(* The entries of (t X)^m / m! for X = plane_generator n q: since X^2 is minus the projection
   onto the plane, they follow the Taylor coefficients of cos and sin. *)
definition rotation_term :: "nat \<Rightarrow> real \<Rightarrow> nat \<Rightarrow> nat \<Rightarrow> nat \<Rightarrow> real" where
  "rotation_term q t m a c = t^m *
     (if a = c then (if a = 0 \<or> a = q then cos_coeff m else if m = 0 then 1 else 0)
      else if a = 0 \<and> c = q then - sin_coeff m
      else if a = q \<and> c = 0 then sin_coeff m else 0)"

lemma rotation_term_Suc:
  assumes "q \<noteq> 0"
  shows "fact (Suc m) * rotation_term q t (Suc m) a c =
    t * ((if c = 0 then fact m * rotation_term q t m a q else 0)
       - (if c = q then fact m * rotation_term q t m a 0 else 0))"
  using assms by (auto simp: rotation_term_def cos_coeff_Suc sin_coeff_Suc)

lemma plane_generator_power:
  assumes "0 < q" "q < n"
  shows "(of_real t \<cdot>\<^sub>m plane_generator n q) ^\<^sub>m m =
    mat n n (\<lambda>(a,c). of_real (fact m * rotation_term q t m a c))"
proof (induction m)
  case 0
  show ?case
    by (rule eq_matI) (auto simp: plane_generator_def mat_unit_def rotation_term_def)
next
  case (Suc m)
  let ?M = "(of_real t \<cdot>\<^sub>m plane_generator n q) ^\<^sub>m m"
  have M: "?M \<in> carrier_mat n n"
    by (simp add: Suc.IH)
  show ?case
  proof (rule eq_matI, goal_cases entry)
    case (entry a c)
    then have ac: "a < n" "c < n"
      by simp_all
    have "((of_real t \<cdot>\<^sub>m plane_generator n q) ^\<^sub>m Suc m) $$ (a,c) =
        of_real t * (?M * plane_generator n q) $$ (a,c)"
      using M ac by (simp add: mult_smult_distrib[OF M plane_generator_carrier] del: index_mult_mat(1))
    also have "\<dots> = of_real t * ((if c = 0 then ?M $$ (a,q) else 0) - (if c = q then ?M $$ (a,0) else 0))"
      by (simp only: index_mult_plane_generator[OF M ac assms(2)])
    also have "\<dots> = of_real (t * ((if c = 0 then fact m * rotation_term q t m a q else 0)
       - (if c = q then fact m * rotation_term q t m a 0 else 0)))"
    proof -
      have Mq: "?M $$ (a,q) = of_real (fact m * rotation_term q t m a q)"
        and M0: "?M $$ (a,0) = of_real (fact m * rotation_term q t m a 0)"
        using ac assms by (simp_all add: Suc.IH)
      show ?thesis
        unfolding Mq M0 by (simp add: of_real_diff)
    qed
    also have "\<dots> = of_real (fact (Suc m) * rotation_term q t (Suc m) a c)"
      using assms by (simp only: rotation_term_Suc)
    finally show ?case
      using ac by simp
  qed auto
qed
====================
Required action - Through the final line of the listing, beginning at the line that contains "q) ^\<^sub>m Suc", every line is to be set down exactly, with no others.

Problem solution -
    have "((of_real t \<cdot>\<^sub>m plane_generator n q) ^\<^sub>m Suc m) $$ (a,c) =
        of_real t * (?M * plane_generator n q) $$ (a,c)"
      using M ac by (simp add: mult_smult_distrib[OF M plane_generator_carrier] del: index_mult_mat(1))
    also have "\<dots> = of_real t * ((if c = 0 then ?M $$ (a,q) else 0) - (if c = q then ?M $$ (a,0) else 0))"
      by (simp only: index_mult_plane_generator[OF M ac assms(2)])
    also have "\<dots> = of_real (t * ((if c = 0 then fact m * rotation_term q t m a q else 0)
       - (if c = q then fact m * rotation_term q t m a 0 else 0)))"
    proof -
      have Mq: "?M $$ (a,q) = of_real (fact m * rotation_term q t m a q)"
        and M0: "?M $$ (a,0) = of_real (fact m * rotation_term q t m a 0)"
        using ac assms by (simp_all add: Suc.IH)
      show ?thesis
        unfolding Mq M0 by (simp add: of_real_diff)
    qed
    also have "\<dots> = of_real (fact (Suc m) * rotation_term q t (Suc m) a c)"
      using assms by (simp only: rotation_term_Suc)
    finally show ?case
      using ac by simp
  qed auto
qed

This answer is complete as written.